Some techniques, such as the Katerji and Perrier approach, estimate the bulk canopy resistance (rc) as a function of meteorological variables and then calculate the hourly evapotranspiration using the Penman–Monteith equation, so that traditional crop coefficients are not needed. As far as we know, there are no published studies regarding using this method for a maize crop. The objective of this study was to calibrate and validate the canopy resistance for an irrigated continuous maize crop in the Midwestern United States (US). In addition, we determined the effect of derivation year, bowen ratio, and the extent of canopy. In this study we derive empirical coefficients necessary to estimate rc for maize, five years (2001–2005) were considered. A split-sample approach was taken, in which each year’s data was taken as a potential calibration data set and validation was accomplished while using the other four years of data. We grouped the data by green leaf area index (GLAI) and the Bowen ratio (β) by parsing the data into a 3 × 3 grouping: LAI (≥2, ≥3, and ≥4) and |β| (≤0.1, ≤0.2, and ≤0.3). The best fit data indicated reasonably good results for all nine groupings, so that the calibration coefficients derived for the conditions LAI ≥ 2 and |β| ≤ 0.3 were taken in light of the longer span associated with LAI ≥ 2 and the larger number of hours.
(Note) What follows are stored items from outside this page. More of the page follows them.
lemma nn_integral_Ici_moment_le_square:
  fixes q :: "real \<Rightarrow> real"
  assumes [measurable]: "q \<in> borel_measurable borel"
    and nonneg: "\<And>t. 0 \<le> q t"
    and submult: "\<And>u v. 0 \<le> u \<Longrightarrow> 0 \<le> v \<Longrightarrow> q (u + v) \<le> q u * q v"
  shows "(\<integral>\<^sup>+t\<in>{0..}. ennreal (t * q t) \<partial>lborel) \<le> (\<integral>\<^sup>+t\<in>{0..}. ennreal (q t) \<partial>lborel)\<^sup>2"
proof -
  let ?I = "\<integral>\<^sup>+t\<in>{0..}. ennreal (q t) \<partial>lborel"
  \<comment> \<open>write \<open>t\<close> as the length of \<open>[0, t]\<close>; after exchanging the integrals, the inner one is the tail of \<open>q\<close> beyond \<open>s\<close>\<close>
  define H where "H = (\<lambda>t s::real. if 0 \<le> s \<and> s \<le> t then ennreal (q t) else 0)"
  have [measurable]: "case_prod H \<in> borel_measurable (lborel \<Otimes>\<^sub>M lborel)"
    unfolding H_def by measurable
  have "(\<integral>\<^sup>+s. H t s \<partial>lborel) = ennreal (t * q t) * indicator {0..} t" for t
  proof -
    have "(\<integral>\<^sup>+s. H t s \<partial>lborel) = (\<integral>\<^sup>+s. ennreal (q t) * indicator {0..t} s \<partial>lborel)"
      by (intro nn_integral_cong) (auto simp: H_def indicator_def)
    also have "\<dots> = ennreal (q t) * emeasure lborel {0..t}"
      by (rule nn_integral_cmult_indicator) simp
    also have "\<dots> = ennreal (t * q t) * indicator {0..} t"
      using nonneg[of t] by (auto simp: ennreal_mult' mult.commute indicator_def)
    finally show ?thesis .
  qed
  then have "(\<integral>\<^sup>+t\<in>{0..}. ennreal (t * q t) \<partial>lborel) = (\<integral>\<^sup>+t. (\<integral>\<^sup>+s. H t s \<partial>lborel) \<partial>lborel)"
    by simp
  also have "\<dots> = (\<integral>\<^sup>+s. (\<integral>\<^sup>+t. H t s \<partial>lborel) \<partial>lborel)"
    by (rule lborel_pair.Fubini') simp
  also have "\<dots> \<le> (\<integral>\<^sup>+s. ?I * (ennreal (q s) * indicator {0..} s) \<partial>lborel)"
  proof (rule nn_integral_mono)
    fix s :: real
    have "(\<integral>\<^sup>+t. H t s \<partial>lborel) = (\<integral>\<^sup>+t\<in>{s..}. ennreal (q t) \<partial>lborel)" if "0 \<le> s"
      using that by (intro nn_integral_cong) (auto simp: H_def indicator_def)
    moreover have "(\<integral>\<^sup>+t\<in>{s..}. ennreal (q t) \<partial>lborel) \<le> ennreal (q s) * ?I" if "0 \<le> s"
      using that nonneg submult by (intro nn_integral_Ici_le_dominated) auto
    ultimately show "(\<integral>\<^sup>+t. H t s \<partial>lborel) \<le> ?I * (ennreal (q s) * indicator {0..} s)"
      by (cases "0 \<le> s") (auto simp: H_def mult.commute)
  qed
  also have "\<dots> = ?I * ?I"
    by (rule nn_integral_cmult) simp
  finally show ?thesis by (simp add: power2_eq_square)
qed

lemma set_integral_le_of_nn_set_integral_le:
  fixes f :: "real \<Rightarrow> real"
  assumes "A \<subseteq> B" "(\<integral>\<^sup>+t\<in>B. ennreal (f t) \<partial>lborel) \<le> ennreal r" "0 \<le> r"
  shows "(LBINT t:A. f t) \<le> r"
  unfolding set_lebesgue_integral_def
proof (rule integral_real_bounded[OF \<open>0 \<le> r\<close>])
  have "(\<integral>\<^sup>+t. ennreal (indicator A t *\<^sub>R f t) \<partial>lborel) \<le> (\<integral>\<^sup>+t\<in>B. ennreal (f t) \<partial>lborel)"
    using \<open>A \<subseteq> B\<close> by (intro nn_integral_mono) (auto split: split_indicator)
  then show "(\<integral>\<^sup>+t. ennreal (indicator A t *\<^sub>R f t) \<partial>lborel) \<le> ennreal r"
    using assms(2) by order
qed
For the calibrations in this subgroup, the results indicate that the annual empirical coefficients for rc are nearly the same and equally effective, regardless of the year used for calibration. Our validation included all the daytime hours regardless of β. Thus, it was concluded that the calibration at our site was independent of the derivation year. Knowledge of the Bowen ratio was useful in calibration, but accurate ET estimates (validation) can be obtained without knowledge of the Bowen ratio. Validation resulted in hourly ET estimates for irrigated maize that explained 83% to 86% of the variation in measured ET with an accuracy of ± 0.2 mm.